theorem lemma3p5:
  fixes eps nu :: real
  assumes "eps = 1 \<or> eps = -1" and "nu > 0"
  shows "\<exists>C>0. \<forall>a t (f :: real \<Rightarrow> real \<times> real \<Rightarrow> real) (g :: real \<Rightarrow> real \<times> real \<Rightarrow> real).
           0 < a \<longrightarrow> a < t \<longrightarrow> L1_cont f \<longrightarrow> L1_cont g \<longrightarrow>
           (\<forall>\<tau>>0. weak_dyy (f \<tau>) (g \<tau>)) \<longrightarrow>
           (AE z in lborel. \<bar>duhamel (Sker eps nu) f a t z\<bar>
               \<le> C * sqrt t * (SUP \<tau>\<in>{a..t}. L1norm (f \<tau>) + L1norm (g \<tau>))) \<and>
           (AE z in lborel. \<bar>duhamel (Kker eps nu) f a t z\<bar>
               \<le> C * sqrt t * (SUP \<tau>\<in>{a..t}. L1norm (f \<tau>) + L1norm (g \<tau>)))"
proof (intro exI[of _ "2 * (5 / (pi * sqrt nu))"] conjI allI impI)
  fix a t :: real and f g :: "real \<Rightarrow> real \<times> real \<Rightarrow> real"
  assume a: "0 < a" "a < t" and f: "L1_cont f" and g: "L1_cont g" and fg: "\<forall>\<tau>>0. weak_dyy (f \<tau>) (g \<tau>)"
  have "0 \<le> 5 / (pi * sqrt nu)"
    using assms(2) by simp
  then show "AE z in lborel. \<bar>duhamel (Sker eps nu) f a t z\<bar>
      \<le> 2 * (5 / (pi * sqrt nu)) * sqrt t * (SUP \<tau>\<in>{a..t}. L1norm (f \<tau>) + L1norm (g \<tau>))"
    and "AE z in lborel. \<bar>duhamel (Kker eps nu) f a t z\<bar>
      \<le> 2 * (5 / (pi * sqrt nu)) * sqrt t * (SUP \<tau>\<in>{a..t}. L1norm (f \<tau>) + L1norm (g \<tau>))"
    by (rule duhamel_Linf_bound[OF kernel_Linf_estimate_Sker[OF assms] _ a f g fg]
        duhamel_Linf_bound[OF kernel_Linf_estimate_Kker[OF assms] _ a f g fg])+
qed (use assms(2) in simp)

end
lemma partials_cst: "partials_exist (cst c) \<and> pX (cst c) = 0 \<and> pY (cst c) = 0 \<and>
    pU (cst c) = 0 \<and> pP (cst c) = 0 \<and> pQ (cst c) = 0"
  by (rule partials_eqI) simp_all

lemma partials_coords:
  "partials_exist cX \<and> pX cX = 1 \<and> pY cX = 0 \<and> pU cX = 0 \<and> pP cX = 0 \<and> pQ cX = 0"
  "partials_exist cY \<and> pX cY = 0 \<and> pY cY = 1 \<and> pU cY = 0 \<and> pP cY = 0 \<and> pQ cY = 0"
  "partials_exist cU \<and> pX cU = 0 \<and> pY cU = 0 \<and> pU cU = 1 \<and> pP cU = 0 \<and> pQ cU = 0"
  "partials_exist cP \<and> pX cP = 0 \<and> pY cP = 0 \<and> pU cP = 0 \<and> pP cP = 1 \<and> pQ cP = 0"
  "partials_exist cQ \<and> pX cQ = 0 \<and> pY cQ = 0 \<and> pU cQ = 0 \<and> pP cQ = 0 \<and> pQ cQ = 1"
  by (rule partials_eqI; simp)+

lemmas Ck_Suc = Ck.simps(2)
declare Ck.simps(2) [simp del]

lemma Ck_Suc_imp_Ck: "Ck (Suc k) f \<Longrightarrow> Ck k f"
proof (induction k arbitrary: f)
  case 0
  then show ?case by (simp only: Ck_Suc Ck.simps(1))
next
  case (Suc k)
  then show ?case unfolding Ck_Suc[of "Suc k"] Ck_Suc[of k] by blast
qed

lemma Ck_add: "Ck k f \<Longrightarrow> Ck k g \<Longrightarrow> Ck k (f + g)"
proof (induction k arbitrary: f g)
  case 0
  then show ?case by (simp only: Ck.simps(1) cont5_add)
next
  case (Suc k)
  then show ?case unfolding Ck_Suc using partials_add[of f g] cont5_add by metis
qed

lemma Ck_diff: "Ck k f \<Longrightarrow> Ck k g \<Longrightarrow> Ck k (f - g)"
proof (induction k arbitrary: f g)
  case 0
  then show ?case by (simp only: Ck.simps(1) cont5_diff)
next
  case (Suc k)
  then show ?case unfolding Ck_Suc using partials_diff[of f g] cont5_diff by metis
qed
theorem theorem3:
  fixes F f :: "real^'n \<Rightarrow> real^'m \<Rightarrow> real"
    and g :: "real^'n \<Rightarrow> real^'m \<Rightarrow> real^'p"
    and G :: "real^'n \<Rightarrow> real^'q"
    and X :: "(real^'n) set" and Y :: "(real^'m) set"
    and \<epsilon> \<mu> :: real
  assumes X_def: "X = {x. \<forall>j. G x $ j \<le> 0}"
    and A1_convf: "\<forall>x. convex_on UNIV (f x)"
    and A1_convg: "\<forall>x i. convex_on UNIV (\<lambda>y. g x y $ i)"
    and A1_smooth_f: "C2 (\<lambda>(x,y). f x y)"
    and A1_smooth_g: "C2 (\<lambda>(x,y). g x y)"
    and A2_compact: "compact Y" and A2_convex: "convex Y"
    and A2_int: "{y. \<exists>x\<in>X. \<forall>i. g x y $ i \<le> 0} \<subseteq> interior Y"
    and A3_F: "C2 (\<lambda>(x,y). F x y)"
    and A3_G: "C2 G"
    and R1: "\<forall>x\<in>X. \<exists>y. \<forall>i. g x y $ i < 0"
    and R2_compact: "compact X" and R2_ne: "X \<noteq> {}"
    and R2_MFCQ: "\<forall>x\<in>X. MFCQ (\<lambda>j x. G x $ j) x"
    and eps: "\<epsilon> > 0" and mu: "\<mu> \<ge> 0"
  shows "\<forall>z\<in>dbp_set G f g Y \<epsilon> \<mu>. MFCQ (dbp_cons G f g Y \<epsilon> \<mu>) z"
proof
  fix z assume "z \<in> dbp_set G f g Y \<epsilon> \<mu>"
  then obtain x\<^sub>0 w\<^sub>0 where z: "z = (x\<^sub>0, w\<^sub>0)" and "\<forall>i. dbp_cons G f g Y \<epsilon> \<mu> i (x\<^sub>0, w\<^sub>0) \<le> 0"
    by (cases z) (auto simp: dbp_set_def)
  then have "x\<^sub>0 \<in> X" unfolding X_def by (auto simp: dbp_cons_projections dest: spec[of _ "CG _"])
  then obtain dx where dx: "\<forall>j. G x\<^sub>0 $ j = 0 \<longrightarrow> (\<forall>v\<in>limiting_subdiff (\<lambda>x. G x $ j) x\<^sub>0. inner v dx < 0)"
    using R2_MFCQ unfolding MFCQ_def by blast
  obtain y\<^sub>0 where y\<^sub>0: "\<forall>i. g x\<^sub>0 y\<^sub>0 $ i < 0" using R1 \<open>x\<^sub>0 \<in> X\<close> by blast
  with \<open>x\<^sub>0 \<in> X\<close> have "y\<^sub>0 \<in> {y. \<exists>x\<in>X. \<forall>i. g x y $ i \<le> 0}" by (auto intro: less_imp_le)
  then have "y\<^sub>0 \<in> Y" using A2_int interior_subset by blast
  then have "Y \<noteq> {}" by blast
  note setting = A3_G A1_smooth_f A1_smooth_g A1_convf A1_convg A2_compact \<open>Y \<noteq> {}\<close>
  obtain y l where yl: "\<forall>i. g x\<^sub>0 y $ i \<le> 0" "\<forall>i. 0 < l $ i" "f x\<^sub>0 y - hmu \<mu> f g Y l x\<^sub>0 < \<epsilon>"
    using hmu_gap_with_positive_multiplier[where f = f and g = g and x = x\<^sub>0,
        OF A2_compact A2_convex A1_convf[rule_format] A1_convg[rule_format]
        continuous_on_slices[OF setting, where S = Y and x = x\<^sub>0] \<open>y\<^sub>0 \<in> Y\<close> y\<^sub>0[rule_format] eps mu]
    by blast
  have "\<forall>i. i \<notin> range CG \<longrightarrow> dbp_cons G f g Y \<epsilon> \<mu> i (x\<^sub>0, w\<^sub>0 + ((y, l) - w\<^sub>0)) < 0"
  proof (intro allI impI)
    fix i :: "('q, 'p) cidx" assume "i \<notin> range CG"
    with yl eps show "dbp_cons G f g Y \<epsilon> \<mu> i (x\<^sub>0, w\<^sub>0 + ((y, l) - w\<^sub>0)) < 0"
      by (cases i) (auto simp: dbp_cons_projections intro: le_less_trans[OF _ eps])
  qed
  with dx show "MFCQ (dbp_cons G f g Y \<epsilon> \<mu>) z" unfolding z by (rule MFCQ_dbp_cons[OF setting])
qed

end
lemma not_compact_space_imp_ultrafilter_on:
  assumes "\<not> compact_space K"
  obtains \<U> where "ultrafilter_on (topspace K) \<U>"
    "\<And>k. k \<in> topspace K \<Longrightarrow> \<exists>V. openin K V \<and> k \<in> V \<and> V \<notin> \<U>"
proof -
  have "\<exists>\<C>. (\<forall>C\<in>\<C>. closedin K C) \<and> (\<forall>\<F>. finite \<F> \<and> \<F> \<subseteq> \<C> \<longrightarrow> \<Inter>\<F> \<noteq> {}) \<and> \<Inter>\<C> = {}"
    using assms unfolding compact_space_fip by (simp only: not_all not_imp not_not conj_assoc)
  then obtain \<C> where closed: "\<forall>C\<in>\<C>. closedin K C"
    and fip: "\<forall>\<F>. finite \<F> \<and> \<F> \<subseteq> \<C> \<longrightarrow> \<Inter>\<F> \<noteq> {}" and empty: "\<Inter>\<C> = {}"
    by (elim exE conjE)
  have "\<C> \<noteq> {}"
    using empty by auto
  then obtain C0 where "C0 \<in> \<C>"
    by blast
  have fip_on: "fip_on (topspace K) \<C>"
    unfolding fip_on_def
  proof (intro allI impI, elim conjE)
    fix \<G> assume "finite \<G>" "\<G> \<subseteq> \<C>"
    then have "\<Inter>(insert C0 \<G>) \<noteq> {}"
      using fip \<open>C0 \<in> \<C>\<close> by (metis finite.insertI insert_subsetI)
    moreover have "\<Inter>(insert C0 \<G>) \<subseteq> topspace K \<inter> \<Inter>\<G>"
      using closed \<open>C0 \<in> \<C>\<close> closedin_subset by auto
    ultimately show "topspace K \<inter> \<Inter>\<G> \<noteq> {}"
      by auto
  qed
  have "\<C> \<subseteq> Pow (topspace K)"
    using closed closedin_subset by auto
  then obtain \<U> where "\<C> \<subseteq> \<U>" and \<U>: "ultrafilter_on (topspace K) \<U>"
    by (rule fip_on_extends_to_ultrafilter_on[OF _ fip_on])
  have "\<exists>V. openin K V \<and> k \<in> V \<and> V \<notin> \<U>" if "k \<in> topspace K" for k
  proof -
    have "k \<notin> \<Inter>\<C>"
      using empty by simp
    then obtain C where "C \<in> \<C>" "k \<notin> C"
      by blast
    then have "openin K (topspace K - C)" "k \<in> topspace K - C"
      using closed \<open>C \<in> \<C>\<close> that by auto
    moreover have "topspace K - C \<notin> \<U>"
      using ultrafilter_on_Int_nonempty[OF \<U>, of "topspace K - C" C] \<open>C \<in> \<C>\<close> \<open>\<C> \<subseteq> \<U>\<close> by auto
    ultimately show ?thesis
      by blast
  qed
  with \<U> show thesis
    by (rule that)
qed
lemma neighbors_switched_v: "neighbors switched v = insert w M1"
  using switch_facts neighbors_v
  unfolding neighbors_def switched_def removed_def added_def
  by (auto simp: doubleton_in_star_edges doubleton_eq_iff)

lemma neighbors_switched_u: "neighbors switched u = insert w M2"
  using switch_facts neighbors_u
  unfolding neighbors_def switched_def removed_def added_def
  by (auto simp: doubleton_in_star_edges doubleton_eq_iff)

lemma neighbors_switched_M1:
  "y \<in> M1 \<Longrightarrow> neighbors switched y = insert v (neighbors E y - {w})"
  using switch_facts
  unfolding neighbors_def switched_def removed_def added_def
  by (auto simp: doubleton_in_star_edges doubleton_eq_iff)

lemma neighbors_switched_M2:
  "y \<in> M2 \<Longrightarrow> neighbors switched y = insert u (neighbors E y - {w})"
  using switch_facts
  unfolding neighbors_def switched_def removed_def added_def
  by (auto simp: doubleton_in_star_edges doubleton_eq_iff)

lemma neighbors_switched_other:
  "t \<notin> {w, c, v, u} \<Longrightarrow> t \<notin> M \<Longrightarrow> neighbors switched t = neighbors E t"
  unfolding neighbors_def switched_def removed_def added_def M_def
  by (auto simp: doubleton_in_star_edges doubleton_eq_iff)

lemma deg_switched_w: "deg switched w = card Ch3 + card Ch4 - 105"
proof -
  have "M \<subseteq> neighbors E w"
    using M_subset neighbors_w by auto
  then have "card (neighbors E w - M) = card Ch3 + card Ch4 + 1 - 108"
    using deg_w card_M finite_M(3) unfolding deg_eq_card_neighbors by (simp add: card_Diff_subset)
  then show ?thesis
    unfolding deg_eq_card_neighbors neighbors_switched_w
    using is_tree_finite_neighbors[OF tree] v_u_notin_neighbors_w distinct_vertices card_Ch3_ge
    by simp
qed

lemma deg_switched_c: "deg switched c = 4"
proof -
  have "v \<in> neighbors E c"
    using neighbors_v in_neighbors_commute by fastforce
  then show ?thesis
    using deg_c is_tree_finite_neighbors[OF tree]
    unfolding deg_eq_card_neighbors neighbors_switched_c by simp
qed

lemma deg_switched_v: "deg switched v = 55" and deg_switched_u: "deg switched u = 55"
proof -
  have "w \<notin> M1" "w \<notin> M2"
    using notin_M M1_M2_subset_M by auto
  then show "deg switched v = 55" "deg switched u = 55"
    using finite_M M1_M2
    unfolding deg_eq_card_neighbors neighbors_switched_v neighbors_switched_u by auto
qed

================================

(WHAT YOU NEED TO DO):
Print the lines above from the one with "M2 \<Longrightarrow> neighbors" through the one with "t \<notin> M", both included, exactly as written and nothing more.

(REPLY TO THE TASK):
  "y \<in> M2 \<Longrightarrow> neighbors switched y = insert u (neighbors E y - {w})"
  using switch_facts
  unfolding neighbors_def switched_def removed_def added_def
  by (auto simp: doubleton_in_star_edges doubleton_eq_iff)

lemma neighbors_switched_other:
  "t \<notin> {w, c, v, u} \<Longrightarrow> t \<notin> M \<Longrightarrow> neighbors switched t = neighbors E t"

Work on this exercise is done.